De raad in Staphorst bestaat uit vrijwilligers. Voor adviezen moet vaak externe deskundigheid worden ingehuurd. "Daar is simpelweg geen geld voor", zegt ook Leny Douma, lid van het platform. Herman Slappendel, die namens de Nederlandse Patiëntenvereniging afdeling Staphorst-Rouveen in het platform zit, beaamt dit. De secretarisfunctie, die altijd door een ambtenaar werd vervuld, werd eveneens geschrapt. Dat laatste was overigens volgens afspraak. "Ik moet daarbij wel opmerken dat deze afspraak uit een tijd stamt waarin de WMO nog relatief simpel was, in vergelijking met wat er nu op de gemeenten afkomt", zegt voorzitter Weegenaar. Ze geeft aan dat haar raad zelfs moet betalen voor een vergaderlocatie.

Verantwoordelijk wethouder Talen ziet de zaken totaal anders. "Het budget is ongewijzigd gebleven", zegt hij. "Het is niet gehalveerd of minder geworden. De gemeente faciliteert en financiert de reguliere activiteiten van het WMO-platform. Wij betalen dus voor de noodzakelijke kosten. Kosten voor onder andere het inhuren van externe deskundigheid kunnen worden meegenomen. Voor bijzondere activiteiten kan subsidie worden aangevraagd."

"De gemeente levert zonder uitzondering vakinhoudelijke ondersteuning tijdens de vergaderingen", zegt Talen. "Ook omdat we als gemeente belang hebben bij een goed functionerend platform. Om de vergaderingen heen zijn de uren weliswaar minder geworden; dat heeft te maken met beschikbaarheid van mankracht. Echter, we voldoen volledig aan de verordening."

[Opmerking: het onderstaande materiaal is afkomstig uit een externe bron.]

lemma Hardy_Poincare_weak:
  fixes a b :: "real \<Rightarrow> real"
  assumes x0: "0 < x0" "x0 < 1" and K: "0 < K1" "0 < K2" "K1 + K2 < 1"
    and a: "0 < ca" "\<And>x. x \<in> {0..1} \<Longrightarrow> ca * \<bar>x - x0\<bar> powr K1 \<le> a x"
    and b: "0 < cb" "\<And>x. x \<in> {0..1} \<Longrightarrow> cb * \<bar>x - x0\<bar> powr K2 \<le> b x"
  shows "\<exists>C\<ge>0. \<forall>u u'. H10 u u' \<longrightarrow>
    I01 (\<lambda>x. (u x)\<^sup>2 / (a x * b x)) \<le> C * I01 (\<lambda>x. (u' x)\<^sup>2) \<and>
    I01 (\<lambda>x. (u x)\<^sup>2 / a x) \<le> C * I01 (\<lambda>x. (u' x)\<^sup>2)"
proof -
  define J where "J \<gamma> = x0 powr (1 - \<gamma>) / (1 - \<gamma>) + (1 - x0) powr (1 - \<gamma>) / (1 - \<gamma>)" for \<gamma>
  define C where "C = J (K1 + K2) / (ca * cb) + J K1 / ca"
  have J: "0 \<le> J \<gamma>" if "\<gamma> < 1" for \<gamma> using that by (simp add: J_def)
  have a0: "0 \<le> a x" if "x \<in> {0..1}" for x using a(1) order_trans[OF _ a(2)[OF that]] by simp
  have ab: "ca * cb * \<bar>x - x0\<bar> powr (K1 + K2) \<le> a x * b x" if "x \<in> {0..1}" for x
    using mult_mono[OF a(2)[OF that] b(2)[OF that]] a(1) b(1) a0[OF that] by (simp add: powr_add mult_ac)
  have "I01 (\<lambda>x. (u x)\<^sup>2 / (a x * b x)) \<le> C * I01 (\<lambda>x. (u' x)\<^sup>2) \<and>
      I01 (\<lambda>x. (u x)\<^sup>2 / a x) \<le> C * I01 (\<lambda>x. (u' x)\<^sup>2)" if H: "H10 u u'" for u u'
  proof -
    have B: "0 \<le> I01 (\<lambda>x. (u' x)\<^sup>2)" by (simp add: I01_nonneg)
    have "I01 (\<lambda>x. (u x)\<^sup>2 / (a x * b x)) \<le> I01 (\<lambda>x. (u' x)\<^sup>2) / (ca * cb) * J (K1 + K2)"
      unfolding J_def using x0 K a(1) b(1) ab by (intro I01_sq_div_weight_le H10_sq_le[OF H]) auto
    moreover have "I01 (\<lambda>x. (u x)\<^sup>2 / a x) \<le> I01 (\<lambda>x. (u' x)\<^sup>2) / ca * J K1"
      unfolding J_def using x0 K a by (intro I01_sq_div_weight_le H10_sq_le[OF H]) auto
    moreover have "0 \<le> I01 (\<lambda>x. (u' x)\<^sup>2) / (ca * cb) * J (K1 + K2)" "0 \<le> I01 (\<lambda>x. (u' x)\<^sup>2) / ca * J K1"
      using B a(1) b(1) J K by auto
    ultimately show ?thesis by (simp add: C_def distrib_left field_simps)
  qed
  moreover have "0 \<le> C" using J K a(1) b(1) by (simp add: C_def)
  ultimately show ?thesis by blast
qed

lemma Hardy_Poincare_strong:
  fixes a b :: "real \<Rightarrow> real"
  assumes x0: "0 < x0" "x0 < 1" and K: "K1 + K2 \<le> 2"
    and a: "0 < ca" "\<And>x. x \<in> {0..1} \<Longrightarrow> ca * \<bar>x - x0\<bar> powr K1 \<le> a x"
    and b: "0 < cb" "\<And>x. x \<in> {0..1} \<Longrightarrow> cb * \<bar>x - x0\<bar> powr K2 \<le> b x"
    and ab: "\<And>x. x \<in> {0..1} \<Longrightarrow> a x * b x \<le> C * \<bar>x - x0\<bar>"
    and b_le: "\<And>x. x \<in> {0..1} \<Longrightarrow> b x \<le> Mb"
  shows "\<exists>C\<ge>0. \<forall>u u'. Kab_mem a b u u' \<longrightarrow>
    I01 (\<lambda>x. (u x)\<^sup>2 / (a x * b x)) \<le> C * I01 (\<lambda>x. (u' x)\<^sup>2) \<and>
    I01 (\<lambda>x. (u x)\<^sup>2 / a x) \<le> C * I01 (\<lambda>x. (u' x)\<^sup>2)"
proof -
  define C0 where "C0 = 8 / (ca * cb)"
  have C0: "0 \<le> C0" using a(1) b(1) by (simp add: C0_def)
  have pos: "0 < a x" "0 < b x" if "x \<in> {0..1}" "x \<noteq> x0" for x
    using a(1) b(1) that order_less_le_trans[OF _ a(2)] order_less_le_trans[OF _ b(2)] by auto
  have Mb: "0 \<le> Mb" using pos[of 1] b_le[of 1] x0 by simp
  have "I01 (\<lambda>x. (u x)\<^sup>2 / (a x * b x)) \<le> (1 + Mb) * C0 * I01 (\<lambda>x. (u' x)\<^sup>2) \<and>
      I01 (\<lambda>x. (u x)\<^sup>2 / a x) \<le> (1 + Mb) * C0 * I01 (\<lambda>x. (u' x)\<^sup>2)" if Kab: "Kab_mem a b u u'" for u u'
  proof -
    have H: "H10 u u'" and int: "set_integrable lborel {0..1} (\<lambda>x. (u x)\<^sup>2 / (a x * b x))"
      using Kab unfolding Kab_mem_def Ka_mem_def by auto
    have u0: "u x0 = 0"
      by (rule vanishes_if_set_integrable_sq_div_weight[OF W11_deriv_continuous_on[OF H10_imp_W11_deriv[OF H]] _ _ _ int])
        (use x0 pos ab in auto)
    have A: "I01 (\<lambda>x. (u x)\<^sup>2 / (a x * b x)) \<le> C0 * I01 (\<lambda>x. (u' x)\<^sup>2)"
      unfolding C0_def using x0 K a b
      by (intro I01_sq_div_le_Hardy[OF H x0 u0] weights_mult_ge_sq) (auto intro: order_trans[OF _ a(2)] order_trans[OF _ b(2)])
    have "I01 (\<lambda>x. (u x)\<^sup>2 / a x) \<le> Mb * I01 (\<lambda>x. (u x)\<^sup>2 / (a x * b x))"
      using pos b_le by (intro I01_sq_div_le_mult_I01_sq_div_mult[OF int u0]) auto
    also have "\<dots> \<le> Mb * (C0 * I01 (\<lambda>x. (u' x)\<^sup>2))" by (rule mult_left_mono[OF A Mb])
    moreover have "0 \<le> C0 * I01 (\<lambda>x. (u' x)\<^sup>2)" "0 \<le> Mb * (C0 * I01 (\<lambda>x. (u' x)\<^sup>2))"
      using C0 Mb by (simp_all add: I01_nonneg)
    ultimately show ?thesis using A by (simp add: algebra_simps)
  qed
  moreover have "0 \<le> (1 + Mb) * C0" using C0 Mb by simp
  ultimately show ?thesis by blast
qed

lemma Hardy_Poincare_K:
  assumes x0: "0 < x0" "x0 < 1" and ab: "basic_ab x0 a b" and H: "condH x0 a b K1 K2"
  shows "\<exists>C>0. \<forall>u u'. K_mem x0 a b K1 K2 u u' \<longrightarrow>
    I01 (\<lambda>x. (u x)\<^sup>2 / (a x * b x)) \<le> C * I01 (\<lambda>x. (u' x)\<^sup>2) \<and>
    K_normsq x0 a b K1 K2 u u' \<le> C * I01 (\<lambda>x. (u' x)\<^sup>2)"
proof -
  obtain ca cb where
    a: "0 < ca" "\<And>x. x \<in> {0..1} \<Longrightarrow> ca * \<bar>x - x0\<bar> powr K1 \<le> a x" and
    b: "0 < cb" "\<And>x. x \<in> {0..1} \<Longrightarrow> cb * \<bar>x - x0\<bar> powr K2 \<le> b x"
    using condH_weights_lower_bound(3,4)[OF x0 ab H] by blast
  obtain C where C: "0 \<le> C" and bounds: "\<And>u u'. K_mem x0 a b K1 K2 u u' \<Longrightarrow>
      I01 (\<lambda>x. (u x)\<^sup>2 / (a x * b x)) \<le> C * I01 (\<lambda>x. (u' x)\<^sup>2) \<and>
      I01 (\<lambda>x. (u x)\<^sup>2 / a x) \<le> C * I01 (\<lambda>x. (u' x)\<^sup>2)"
  proof (cases "H1 x0 a b K1 K2")
    case True
    then have "K1 + K2 < 1" by (simp add: H1_def)
    with Hardy_Poincare_weak[OF x0 condH_weights_lower_bound(1,2)[OF x0 ab H] this a b] True that
    show ?thesis unfolding K_mem_def Ka_mem_def by auto
  next
    case False
    then have "K1 + K2 \<le> 2" using H unfolding condH_def H2_def H3_def H4_def by auto
    moreover obtain Cab where "\<forall>x\<in>{0..1}. a x * b x \<le> Cab * \<bar>x - x0\<bar>"
      using condH_weights_mult_le[OF x0 ab H False] by blast
    moreover obtain Mb where "\<forall>x\<in>{0..1}. b x \<le> Mb"
      using degenerate_bounded_above H unfolding condH_def H1_def H2_def H3_def H4_def by metis
    ultimately obtain C where "0 \<le> C" "\<forall>u u'. Kab_mem a b u u' \<longrightarrow>
        I01 (\<lambda>x. (u x)\<^sup>2 / (a x * b x)) \<le> C * I01 (\<lambda>x. (u' x)\<^sup>2) \<and>
        I01 (\<lambda>x. (u x)\<^sup>2 / a x) \<le> C * I01 (\<lambda>x. (u' x)\<^sup>2)"
      using Hardy_Poincare_strong[OF x0 _ a b, of Cab Mb] by blast
    with False that show ?thesis unfolding K_mem_def by auto
  qed
  have "I01 (\<lambda>x. (u x)\<^sup>2 / (a x * b x)) \<le> (2 * C + 1) * I01 (\<lambda>x. (u' x)\<^sup>2) \<and>
      K_normsq x0 a b K1 K2 u u' \<le> (2 * C + 1) * I01 (\<lambda>x. (u' x)\<^sup>2)" if u: "K_mem x0 a b K1 K2 u u'" for u u'
  proof -
    have "0 \<le> I01 (\<lambda>x. (u' x)\<^sup>2)" by (simp add: I01_nonneg)
    moreover from this have "0 \<le> C * I01 (\<lambda>x. (u' x)\<^sup>2)" using C by simp
    moreover have "(2 * C + 1) * I01 (\<lambda>x. (u' x)\<^sup>2) = 2 * (C * I01 (\<lambda>x. (u' x)\<^sup>2)) + I01 (\<lambda>x. (u' x)\<^sup>2)"
      by (simp add: algebra_simps)
    ultimately show ?thesis using bounds[OF u] unfolding K_normsq_def by auto
  qed
  moreover have "0 < 2 * C + 1" using C by simp
  ultimately show ?thesis by blast
qed

section \<open>Coercivity\<close>

lemma le_Inf_mult_if_bounded:
  fixes A B :: "'a \<Rightarrow> 'b \<Rightarrow> real"
  assumes A: "\<And>u v. P u v \<Longrightarrow> 0 \<le> A u v" and C: "0 < C" "\<And>u v. P u v \<Longrightarrow> A u v \<le> C * B u v"
    and P: "P u v"
  shows "A u v \<le> Inf {c. \<forall>u v. P u v \<longrightarrow> A u v \<le> c * B u v} * B u v"
proof (cases "0 < B u v")
  case True
  have "A u v / B u v \<le> Inf {c. \<forall>u v. P u v \<longrightarrow> A u v \<le> c * B u v}"
  proof (rule cInf_greatest)
    show "{c. \<forall>u v. P u v \<longrightarrow> A u v \<le> c * B u v} \<noteq> {}" using C(2) by blast
  qed (use P True in \<open>auto simp: pos_divide_le_eq\<close>)
  then show ?thesis using True by (simp add: pos_divide_le_eq)
next
  case False
  have "0 \<le> C * B u v" using A[OF P] C(2)[OF P] by linarith
  then have "B u v = 0" using False C(1) by (simp add: zero_le_mult_iff)
  then show ?thesis using A[OF P] C(2)[OF P] by simp
qed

Dat een ambtenaar van de gemeente de secretarisrol niet vervult, is volgens Talen omdat de secretarisrol niet vanuit de gemeente ingevuld moet worden. Volgens de verordening is de gemeente alleen het eerste jaar verplicht een secretaris te bieden. Dat hebben we gedaan. Deze secretaris hebben we zelfs ook nog enkele jaren daarna geboden."

Talen zegt dat "in een sporadisch geval het platform te laat is geïnformeerd. Dat vinden wij jammer en vervelend, maar het is geen onwil." Wethouder Talen zegt nog altijd vertrouwen te hebben in het platform. "We willen graag in gesprek raken. Pogingen om te praten hebben we overigens wel ondernomen, maar die hebben geen resultaat opgeleverd. We gaan het daarom nogmaals proberen."